▶ [RECORDS FOR THIS EXERCISE]:

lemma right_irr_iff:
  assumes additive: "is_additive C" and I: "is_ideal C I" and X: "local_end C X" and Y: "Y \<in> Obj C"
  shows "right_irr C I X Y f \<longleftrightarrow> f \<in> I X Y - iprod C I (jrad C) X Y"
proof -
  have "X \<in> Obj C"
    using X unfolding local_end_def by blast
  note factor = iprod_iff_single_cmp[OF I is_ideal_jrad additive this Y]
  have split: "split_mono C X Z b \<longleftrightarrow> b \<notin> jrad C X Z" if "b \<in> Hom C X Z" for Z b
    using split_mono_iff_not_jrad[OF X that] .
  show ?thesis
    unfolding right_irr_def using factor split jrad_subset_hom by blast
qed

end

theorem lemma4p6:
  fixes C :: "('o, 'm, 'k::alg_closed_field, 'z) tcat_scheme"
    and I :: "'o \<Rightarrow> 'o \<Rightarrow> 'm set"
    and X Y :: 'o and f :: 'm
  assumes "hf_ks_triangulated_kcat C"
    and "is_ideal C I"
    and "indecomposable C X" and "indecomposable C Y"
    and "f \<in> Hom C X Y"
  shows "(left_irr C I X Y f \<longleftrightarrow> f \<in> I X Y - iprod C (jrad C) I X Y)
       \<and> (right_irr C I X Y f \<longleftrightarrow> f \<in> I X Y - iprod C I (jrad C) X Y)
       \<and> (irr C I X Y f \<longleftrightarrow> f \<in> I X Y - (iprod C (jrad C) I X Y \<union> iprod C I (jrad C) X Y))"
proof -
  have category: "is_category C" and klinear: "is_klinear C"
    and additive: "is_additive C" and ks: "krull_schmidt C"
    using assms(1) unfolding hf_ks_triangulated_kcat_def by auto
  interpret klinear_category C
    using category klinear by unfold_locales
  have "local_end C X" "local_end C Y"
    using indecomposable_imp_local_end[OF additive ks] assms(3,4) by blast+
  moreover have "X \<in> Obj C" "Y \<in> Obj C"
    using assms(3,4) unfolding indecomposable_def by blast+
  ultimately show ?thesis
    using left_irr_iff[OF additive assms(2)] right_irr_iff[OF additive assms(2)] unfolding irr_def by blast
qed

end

▶ [REQUIREMENT]: Repeat each record word for word.

▶ [RESULT OF THE EXERCISE]:
lemma right_irr_iff:
  assumes additive: "is_additive C" and I: "is_ideal C I" and X: "local_end C X" and Y: "Y \<in> Obj C"
  shows "right_irr C I X Y f \<longleftrightarrow> f \<in> I X Y - iprod C I (jrad C) X Y"
proof -
  have "X \<in> Obj C"
    using X unfolding local_end_def by blast
  note factor = iprod_iff_single_cmp[OF I is_ideal_jrad additive this Y]
  have split: "split_mono C X Z b \<longleftrightarrow> b \<notin> jrad C X Z" if "b \<in> Hom C X Z" for Z b
    using split_mono_iff_not_jrad[OF X that] .
  show ?thesis
    unfolding right_irr_def using factor split jrad_subset_hom by blast
qed

end

theorem lemma4p6:
  fixes C :: "('o, 'm, 'k::alg_closed_field, 'z) tcat_scheme"
    and I :: "'o \<Rightarrow> 'o \<Rightarrow> 'm set"
    and X Y :: 'o and f :: 'm
  assumes "hf_ks_triangulated_kcat C"
    and "is_ideal C I"
    and "indecomposable C X" and "indecomposable C Y"
    and "f \<in> Hom C X Y"
  shows "(left_irr C I X Y f \<longleftrightarrow> f \<in> I X Y - iprod C (jrad C) I X Y)
       \<and> (right_irr C I X Y f \<longleftrightarrow> f \<in> I X Y - iprod C I (jrad C) X Y)
       \<and> (irr C I X Y f \<longleftrightarrow> f \<in> I X Y - (iprod C (jrad C) I X Y \<union> iprod C I (jrad C) X Y))"
proof -
  have category: "is_category C" and klinear: "is_klinear C"
    and additive: "is_additive C" and ks: "krull_schmidt C"
    using assms(1) unfolding hf_ks_triangulated_kcat_def by auto
  interpret klinear_category C
    using category klinear by unfold_locales
  have "local_end C X" "local_end C Y"
    using indecomposable_imp_local_end[OF additive ks] assms(3,4) by blast+
  moreover have "X \<in> Obj C" "Y \<in> Obj C"
    using assms(3,4) unfolding indecomposable_def by blast+
  ultimately show ?thesis
    using left_irr_iff[OF additive assms(2)] right_irr_iff[OF additive assms(2)] unfolding irr_def by blast
qed

end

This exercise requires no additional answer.